Todos estos años, entonces, debieron ser de paciente reconstrucción, y de aprendizaje. Los músicos y el público tomaron una nueva conciencia. La labor del Instituto Nacional de la Música, que publicó una serie de manuales que contemplan cuestiones musicales pero también de seguridad, resultó esencial para el cambio de paradigma y para señalar el camino a nuevas generaciones. De a poco, una escena que encontraba todas las puertas cerradas encontró la manera de gestionar, de crecer, de demostrar que una guitarra no era prueba de culpabilidad. Que había muchos que seguían poniendo a la música, el arte, las canciones, por encima del “espectáculo” de los fuegos artificiales o las demostraciones de tribuna de fútbol.

Quince años después, la escena independiente muestra una buena salud que parecía imposible entonces. Aquella clausura general, el “bajar el volumen” provocó incluso cambios artísticos. En la era previa a Cromañón, bastaba con meter un par de acordes efectivos a volumen rockero y un estribillo con gancho para empezar a arrastrar pequeñas multitudes. De a poco fueron surgiendo artistas que se acercaron a la composición de otra manera. Aparecieron otros matices, y eso puede apreciarse en la potente diversidad estilística que puede comprobar cualquiera que tenga ganas de salir a investigar un fin de semana cualquiera.

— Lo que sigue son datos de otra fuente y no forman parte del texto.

definition Nmax :: "nat \<Rightarrow> (nat \<times> real \<times> real) stream \<Rightarrow> nat \<Rightarrow> nat" where
  "Nmax m \<omega> t = uss_max m (uss_state_at m \<omega> t)"

definition uss_row_measure :: "nat pmf \<Rightarrow> (nat \<times> real \<times> real) measure" where
  "uss_row_measure P = measure_pmf P \<Otimes>\<^sub>M
     (uniform_measure lborel {0..1::real} \<Otimes>\<^sub>M uniform_measure lborel {0..1::real})"

end

theory Submission
  imports Defs
begin

text \<open>A bin whose count exceeds t/m is never a bin of smallest count, so after the last
time a at which its count was at most a/m it keeps its label and grows only when that
label arrives. Hence every bin count is at most t/m + 1 plus the number of occurrences of
one item in a window of the stream ending at t, and the counts sum to t. An exponential
moment bound shows that if every item has probability at most q < 1/m, then a window of
length n contains more than n/m + L copies of some item with probability at most
n z^(1-L), for a fixed z > 1 depending on q and m. With L = (ln t)^2 these probabilities,
summed over the t + 1 windows ending at t, are summable in t, and Borel-Cantelli
concludes.\<close>

lemma uss_step_cases:
  assumes "m > 0"
  obtains j l where "j < m" "uss_step m s xuv = s(j := (l, snd (s j) + 1))"
    "l = fst (s j) \<and> fst (s j) = Some (fst xuv) \<or> snd (s j) = uss_min m s"
proof -
  obtain x u v where xuv: "xuv = (x, u, v)" by (cases xuv) auto
  show thesis
  proof (cases "{j. j < m \<and> fst (s j) = Some x} = {}")
    case False
    define J where "J = {j. j < m \<and> fst (s j) = Some x}"
    have "Min J \<in> J" using False by (intro Min_in) (auto simp: J_def)
    moreover have "uss_step m s xuv = s(Min J := (fst (s (Min J)), snd (s (Min J)) + 1))"
      using False by (simp add: uss_step_def Let_def J_def xuv)
    ultimately show thesis by (intro that[of "Min J"]) (auto simp: J_def xuv)
  next
    case True
    define S where "S = {j. j < m \<and> snd (s j) = uss_min m s}"
    define T where "T = sorted_list_of_set S"
    define i where "i = min (length T - 1) (nat \<lfloor>u * real (length T)\<rfloor>)"
    have "uss_min m s \<in> (\<lambda>j. snd (s j)) ` {..<m}"
      unfolding uss_min_def using assms by (intro Min_in) auto
    then have "S \<noteq> {}" by (auto simp: S_def)
    then have "set T = S" "length T = card S" "T \<noteq> []" by (auto simp: T_def S_def)
    have "i < length T" using \<open>T \<noteq> []\<close> unfolding i_def by (intro min.strict_coboundedI1) simp
    then have "T ! i \<in> S" using \<open>set T = S\<close> nth_mem by blast
    moreover have "uss_step m s xuv = s(T ! i :=
        (if v < 1 / (real (uss_min m s) + 1) then Some x else fst (s (T ! i)), uss_min m s + 1))"
      using True \<open>length T = card S\<close>
      by (simp add: uss_step_def Let_def xuv S_def[symmetric] T_def[symmetric] i_def) blast
    ultimately show thesis by (intro that[of "T ! i"]) (auto simp: S_def)
  qed
qed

Porque hubo que pelearla --y pelear en serio, con marchas al Gobierno de la Ciudad, debates sobre la legislación y discusiones con inspectores de dudoso comportamiento que no desaparecieron con Cromañón-- pero volvieron los lugares de música en vivo, y los artistas honestos como prueba de que la música no mata pero los corruptos sí. Y los corruptos pueden ser funcionarios pero también músicos, productores, bolicheros. La herida de Cromañón, aquellos que perdieron la vida y los que siguen sufriendo sus consecuencias, no deben olvidarse jamás. Pero una de las formas de la memoria es precisamente aprender, y volver a construir. En eso se sigue. Cada día.